Start of Block

section \<open>The flux\<close>

lemma exact_const_2form_eq_0:
  assumes "exact2 (\<lambda>p. a *\<^sub>R basic2 2 3 p + b *\<^sub>R basic2 1 3 p)"
  shows "a = 0 \<and> b = 0"
proof -
  obtain \<alpha> where \<alpha>: "tvec \<alpha>" "d1 \<alpha> = (\<lambda>p. a *\<^sub>R basic2 2 3 p + b *\<^sub>R basic2 1 3 p)"
    using assms exact2_def by blast
  have "d1 \<alpha> p $ 2 $ 3 = a" "d1 \<alpha> p $ 1 $ 3 = b" for p
    using \<alpha>(2) by (simp_all add: basic2_def)
  then have a: "pd 2 (\<lambda>q. \<alpha> q $ 3) p - pd 3 (\<lambda>q. \<alpha> q $ 2) p = a"
    and b: "pd 1 (\<lambda>q. \<alpha> q $ 3) p - pd 3 (\<lambda>q. \<alpha> q $ 1) p = b" for p
    by (simp_all add: d1_def)
  show ?thesis
    using periodic_pd_diff_constant_eq_0[OF tvec_nth[OF \<alpha>(1)] tvec_nth[OF \<alpha>(1)] _ a]
      periodic_pd_diff_constant_eq_0[OF tvec_nth[OF \<alpha>(1)] tvec_nth[OF \<alpha>(1)] _ b] by simp
qed

lemma sub_dX_dY_exact_unique:
  assumes "(\<lambda>p. X p - a *\<^sub>R dX p - b *\<^sub>R dY p) \<in> exact_strict_contact theta0"
    "(\<lambda>p. X p - a' *\<^sub>R dX p - b' *\<^sub>R dY p) \<in> exact_strict_contact theta0"
  shows "a = a' \<and> b = b'"
proof -
  obtain \<alpha> where \<alpha>: "tvec \<alpha>" "d1 \<alpha> = interior3 (\<lambda>p. X p - a *\<^sub>R dX p - b *\<^sub>R dY p) (mu theta0)"
    using assms(1) unfolding exact_strict_contact_def exact2_def by blast
  obtain \<beta> where \<beta>: "tvec \<beta>" "d1 \<beta> = interior3 (\<lambda>p. X p - a' *\<^sub>R dX p - b' *\<^sub>R dY p) (mu theta0)"
    using assms(2) unfolding exact_strict_contact_def exact2_def by blast
  have s: "smooth3 (\<lambda>q. \<alpha> q $ i)" "smooth3 (\<lambda>q. \<beta> q $ i)" for i
    using \<alpha>(1) \<beta>(1) by (auto simp: tvec_def tfun_def)
  have t: "tfun (\<lambda>q. \<alpha> q $ i - \<beta> q $ i)" for i
    using \<alpha>(1) \<beta>(1) by (intro tfun_diff tvec_nth)
  have a: "pd 2 (\<lambda>q. \<alpha> q $ 3 - \<beta> q $ 3) p - pd 3 (\<lambda>q. \<alpha> q $ 2 - \<beta> q $ 2) p = (a - a') / 2" for p
  proof -
    have "d1 \<alpha> p $ 2 $ 3 - d1 \<beta> p $ 2 $ 3 = (a - a') / 2"
      unfolding \<alpha>(2) \<beta>(2) by (simp add: interior3_nth mu_theta0 dX_def dY_def axis_def algebra_simps)
    then show ?thesis using s by (simp add: d1_def pd_diff_fun)
  qed
  have b: "pd 1 (\<lambda>q. \<alpha> q $ 3 - \<beta> q $ 3) p - pd 3 (\<lambda>q. \<alpha> q $ 1 - \<beta> q $ 1) p = (b' - b) / 2" for p
  proof -
    have "d1 \<alpha> p $ 1 $ 3 - d1 \<beta> p $ 1 $ 3 = (b' - b) / 2"
      unfolding \<alpha>(2) \<beta>(2) by (simp add: interior3_nth mu_theta0 dX_def dY_def axis_def algebra_simps)
    then show ?thesis using s by (simp add: d1_def pd_diff_fun)
  qed
  show ?thesis
    using periodic_pd_diff_constant_eq_0[OF t t _ a] periodic_pd_diff_constant_eq_0[OF t t _ b] by simp
qed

End of Block

### What is expected
Send back every record, precisely as written.

### Answer area
section \<open>The flux\<close>

lemma exact_const_2form_eq_0:
  assumes "exact2 (\<lambda>p. a *\<^sub>R basic2 2 3 p + b *\<^sub>R basic2 1 3 p)"
  shows "a = 0 \<and> b = 0"
proof -
  obtain \<alpha> where \<alpha>: "tvec \<alpha>" "d1 \<alpha> = (\<lambda>p. a *\<^sub>R basic2 2 3 p + b *\<^sub>R basic2 1 3 p)"
    using assms exact2_def by blast
  have "d1 \<alpha> p $ 2 $ 3 = a" "d1 \<alpha> p $ 1 $ 3 = b" for p
    using \<alpha>(2) by (simp_all add: basic2_def)
  then have a: "pd 2 (\<lambda>q. \<alpha> q $ 3) p - pd 3 (\<lambda>q. \<alpha> q $ 2) p = a"
    and b: "pd 1 (\<lambda>q. \<alpha> q $ 3) p - pd 3 (\<lambda>q. \<alpha> q $ 1) p = b" for p
    by (simp_all add: d1_def)
  show ?thesis
    using periodic_pd_diff_constant_eq_0[OF tvec_nth[OF \<alpha>(1)] tvec_nth[OF \<alpha>(1)] _ a]
      periodic_pd_diff_constant_eq_0[OF tvec_nth[OF \<alpha>(1)] tvec_nth[OF \<alpha>(1)] _ b] by simp
qed

lemma sub_dX_dY_exact_unique:
  assumes "(\<lambda>p. X p - a *\<^sub>R dX p - b *\<^sub>R dY p) \<in> exact_strict_contact theta0"
    "(\<lambda>p. X p - a' *\<^sub>R dX p - b' *\<^sub>R dY p) \<in> exact_strict_contact theta0"
  shows "a = a' \<and> b = b'"
proof -
  obtain \<alpha> where \<alpha>: "tvec \<alpha>" "d1 \<alpha> = interior3 (\<lambda>p. X p - a *\<^sub>R dX p - b *\<^sub>R dY p) (mu theta0)"
    using assms(1) unfolding exact_strict_contact_def exact2_def by blast
  obtain \<beta> where \<beta>: "tvec \<beta>" "d1 \<beta> = interior3 (\<lambda>p. X p - a' *\<^sub>R dX p - b' *\<^sub>R dY p) (mu theta0)"
    using assms(2) unfolding exact_strict_contact_def exact2_def by blast
  have s: "smooth3 (\<lambda>q. \<alpha> q $ i)" "smooth3 (\<lambda>q. \<beta> q $ i)" for i
    using \<alpha>(1) \<beta>(1) by (auto simp: tvec_def tfun_def)
  have t: "tfun (\<lambda>q. \<alpha> q $ i - \<beta> q $ i)" for i
    using \<alpha>(1) \<beta>(1) by (intro tfun_diff tvec_nth)
  have a: "pd 2 (\<lambda>q. \<alpha> q $ 3 - \<beta> q $ 3) p - pd 3 (\<lambda>q. \<alpha> q $ 2 - \<beta> q $ 2) p = (a - a') / 2" for p
  proof -
    have "d1 \<alpha> p $ 2 $ 3 - d1 \<beta> p $ 2 $ 3 = (a - a') / 2"
      unfolding \<alpha>(2) \<beta>(2) by (simp add: interior3_nth mu_theta0 dX_def dY_def axis_def algebra_simps)
    then show ?thesis using s by (simp add: d1_def pd_diff_fun)
  qed
  have b: "pd 1 (\<lambda>q. \<alpha> q $ 3 - \<beta> q $ 3) p - pd 3 (\<lambda>q. \<alpha> q $ 1 - \<beta> q $ 1) p = (b' - b) / 2" for p
  proof -
    have "d1 \<alpha> p $ 1 $ 3 - d1 \<beta> p $ 1 $ 3 = (b' - b) / 2"
      unfolding \<alpha>(2) \<beta>(2) by (simp add: interior3_nth mu_theta0 dX_def dY_def axis_def algebra_simps)
    then show ?thesis using s by (simp add: d1_def pd_diff_fun)
  qed
  show ?thesis
    using periodic_pd_diff_constant_eq_0[OF t t _ a] periodic_pd_diff_constant_eq_0[OF t t _ b] by simp
qed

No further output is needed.